Over the next several weeks, more than 300 homeless, medically fragile people will have to vacate their Salem hotel rooms and find somewhere else to sleep. As vaccination rates rise and infection rates fall, the program that placed them in those rooms to keep them isolated during the pandemic is coming to an end.
Marianne Mario received her letter from the ARCHES Project, a housing program run by the Mid-Willamette Valley Community Action Agency, last week. The nonprofit has been footing the bill for Mario’s room, as well all the rooms in the hotel program, using federal COVID relief money.
After losing her job as an in-home caregiver, Mario was placed into a room at Salem’s Shilo Inn in February. Like so many others, her time is up. Mario has to be out of her room by 11 a.m. Friday. She has no idea where she’ll go.
“If I'm on the street, I can lose my life,” said the 44-year-old Salem native in an interview last week. “It's basically giving me a death sentence, either for my diabetes or the abuser that I had in 2011 that's going to be released from prison in August.”
Court documents and a rep from Oregon’s Department of Corrections confirm a man convicted for violently assaulting Mario a decade ago is due to be released from prison in August. She’s convinced, if he finds her, he’ll kill her.
When it comes to her diabetes, Mario said complications from her Type 2 diagnosis are causing neuropathy. Doctors, she said, are talking about amputating her feet.
Despite those issues, she said, she can’t find housing anywhere in Marion County. Women’s shelters meant for survivors of domestic violence, she said, have even told her there’s just not enough help to go around.
“Everybody's giving me the run-around. They don't have programs for me right now,” Mario said.
Staff at ARCHES confirmed Mario is required to leave her room by midday Friday. They’re instructing everyone in the program to do the same, adding the process will happen gradually, floor by floor. Getting everyone out will take weeks.
“The individual cases are heartbreaking. They're hard, and they're real and valid,” said Ashley Hamilton, program director of the ARCHES Project. “But there are hundreds of individuals facing the same circumstances in our community.”
Simply put, Hamilton said, there aren’t enough shelter beds in the Marion County area to house everyone in need. Not by a long shot. The latest estimates show there are approximately 314 permanent shelter beds in the area. When inclement weather hits, officials can open an additional 226 seasonal ones.
Most nights, most of those beds are full. And the last Point In Time count, conducted in 2019, tallied roughly 866 people living on the streets of Marion and Polk Counties combined. Officials and volunteers conducted another count this past January. The results from that, which will include people rendered homeless by wildfires and job losses tied to the pandemic, is due out this summer.
The hotel program alone housed 324 people, all of whom, like Mario, are scrambling to find housing now.
“This is a crisis we are experiencing, a humanitarian crisis that is the likes of something we have never seen before,” said Hamilton. “And the scary part is some on some level we know it's to get worse.”
Still, the federal funding that was paying for people to stay in these hotel rooms is running out, and ARCHES can’t afford to keep it going forever. Plus, the threat of COVID has largely dissipated.
“It is a temporary solution,” Hamilton said.
Salem city officials offered a similar rationale last week when they announced they’d be clearing hundreds of campers from the city’s parks. For more than a year, an estimated 571 people have been camping at Wallace Marine Park and Cascades Gateway Park.

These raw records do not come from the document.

definition comp :: "nat \<Rightarrow> pt \<Rightarrow> complex" where
  "comp i v = (if i = 0 then fst v else snd v)"

text \<open>Holomorphic function on an open subset of C^2: complex Frechet differentiable.\<close>
definition holo2 :: "pt set \<Rightarrow> (pt \<Rightarrow> complex) \<Rightarrow> bool" where
  "holo2 U g \<longleftrightarrow> (\<forall>p\<in>U. \<exists>L. (g has_derivative L) (at p) \<and>
      (\<forall>c v. L (c * fst v, c * snd v) = c * L v))"

text \<open>Holomorphic vector field on U (components w.r.t. d/dx, d/dy).\<close>
definition hvf :: "pt set \<Rightarrow> (pt \<Rightarrow> pt) \<Rightarrow> bool" where
  "hvf U X \<longleftrightarrow> holo2 U (\<lambda>q. fst (X q)) \<and> holo2 U (\<lambda>q. snd (X q))"

definition pd :: "nat \<Rightarrow> (pt \<Rightarrow> complex) \<Rightarrow> pt \<Rightarrow> complex" where
  "pd i g p = (if i = 0 then deriv (\<lambda>t. g (t, snd p)) (fst p)
               else deriv (\<lambda>t. g (fst p, t)) (snd p))"

definition vd :: "(pt \<Rightarrow> pt) \<Rightarrow> (pt \<Rightarrow> complex) \<Rightarrow> pt \<Rightarrow> complex" where
  "vd X g p = (\<Sum>i<2. comp i (X p) * pd i g p)"

definition bracket :: "(pt \<Rightarrow> pt) \<Rightarrow> (pt \<Rightarrow> pt) \<Rightarrow> pt \<Rightarrow> pt" where
  "bracket X Y p =
     (vd X (\<lambda>q. fst (Y q)) p - vd Y (\<lambda>q. fst (X q)) p,
      vd X (\<lambda>q. snd (Y q)) p - vd Y (\<lambda>q. snd (X q)) p)"

text \<open>Affine connection on an open subset of C^2, given by its Christoffel symbols
  G k i j (so that nabla_{d_i} d_j = sum_k G k i j d_k).\<close>
type_synonym chr = "nat \<Rightarrow> nat \<Rightarrow> nat \<Rightarrow> pt \<Rightarrow> complex"

definition nabla :: "chr \<Rightarrow> (pt \<Rightarrow> pt) \<Rightarrow> (pt \<Rightarrow> pt) \<Rightarrow> pt \<Rightarrow> pt" where
  "nabla G X Y p =
     (let c = (\<lambda>k. vd X (\<lambda>q. comp k (Y q)) p
                + (\<Sum>i<2. \<Sum>j<2. G k i j p * comp i (X p) * comp j (Y p)))
      in (c 0, c 1))"

definition omega :: "(pt \<Rightarrow> complex) \<Rightarrow> pt \<Rightarrow> pt \<Rightarrow> pt \<Rightarrow> complex" where
  "omega f p u v = f p * (fst u * snd v - snd u * fst v)"

definition is_hess :: "pt set \<Rightarrow> (pt \<Rightarrow> complex) \<Rightarrow> chr \<Rightarrow> bool" where
  "is_hess U f G \<longleftrightarrow>
     (\<forall>k<2. \<forall>i<2. \<forall>j<2. holo2 U (G k i j)) \<and>
     (\<forall>X Y. hvf U X \<longrightarrow> hvf U Y \<longrightarrow>
        (\<forall>p\<in>U. nabla G X Y p - nabla G Y X p = bracket X Y p)) \<and>
     (\<forall>X Y Z. hvf U X \<longrightarrow> hvf U Y \<longrightarrow> hvf U Z \<longrightarrow>
        (\<forall>p\<in>U. vd X (\<lambda>q. omega f q (Y q) (Z q)) p
                = omega f p (nabla G X Y p) (Z p) + omega f p (Y p) (nabla G X Z p))) \<and>
     (\<forall>X Y. hvf U X \<longrightarrow> hvf U Y \<longrightarrow> (\<forall>p\<in>U. fst (Y p) = 0) \<longrightarrow>
        (\<forall>p\<in>U. fst (nabla G X Y p) = 0)) \<and>
     (\<forall>X Y. hvf U X \<longrightarrow> hvf U Y \<longrightarrow> (\<forall>p\<in>U. snd (Y p) = 0) \<longrightarrow>
        (\<forall>p\<in>U. snd (nabla G X Y p) = 0))"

RELATED: Citing decline in cases, Salem reverses COVID policy of letting homeless camp in city parks
On Thursday, when asked if the city has enough resources to house those being evicted, the city’s housing liaison Gretchen Bennett said “No! It's such an urgent issue. There's not enough shelter beds in Salem. That's one of the urgent concerns that I know the city and our regional partners are all looking at.”
There is some progress to report. A few shelters are on the brink of opening in and around Salem. Chief among them is a Super 8 motel, bought by the Mid-Willamette Valley Community Action Agency. It’ll open as a shelter by fall, Hamilton said, and house between 100 and 120 people.
Still, between the hundreds preparing to leave its hotels and the even larger crowd poised to be forced from its parks, a wave of people are likely headed back out onto Salem's streets.
Mario, who said she recently got a part-time job in retail, is afraid the battle to find housing and help is only going to get more difficult. While she’s searched, a large homeless camp down the street from her hotel, under I-5, has continued to grow.
It’s like an omen, she said, telling her she’s bound to end up there.
“I don't want to die, but that's the sad reality. And I have to accept that, you know? “ she said. “That's why I called you guys, because maybe if I get my voice out there, people are going to realize this is real.”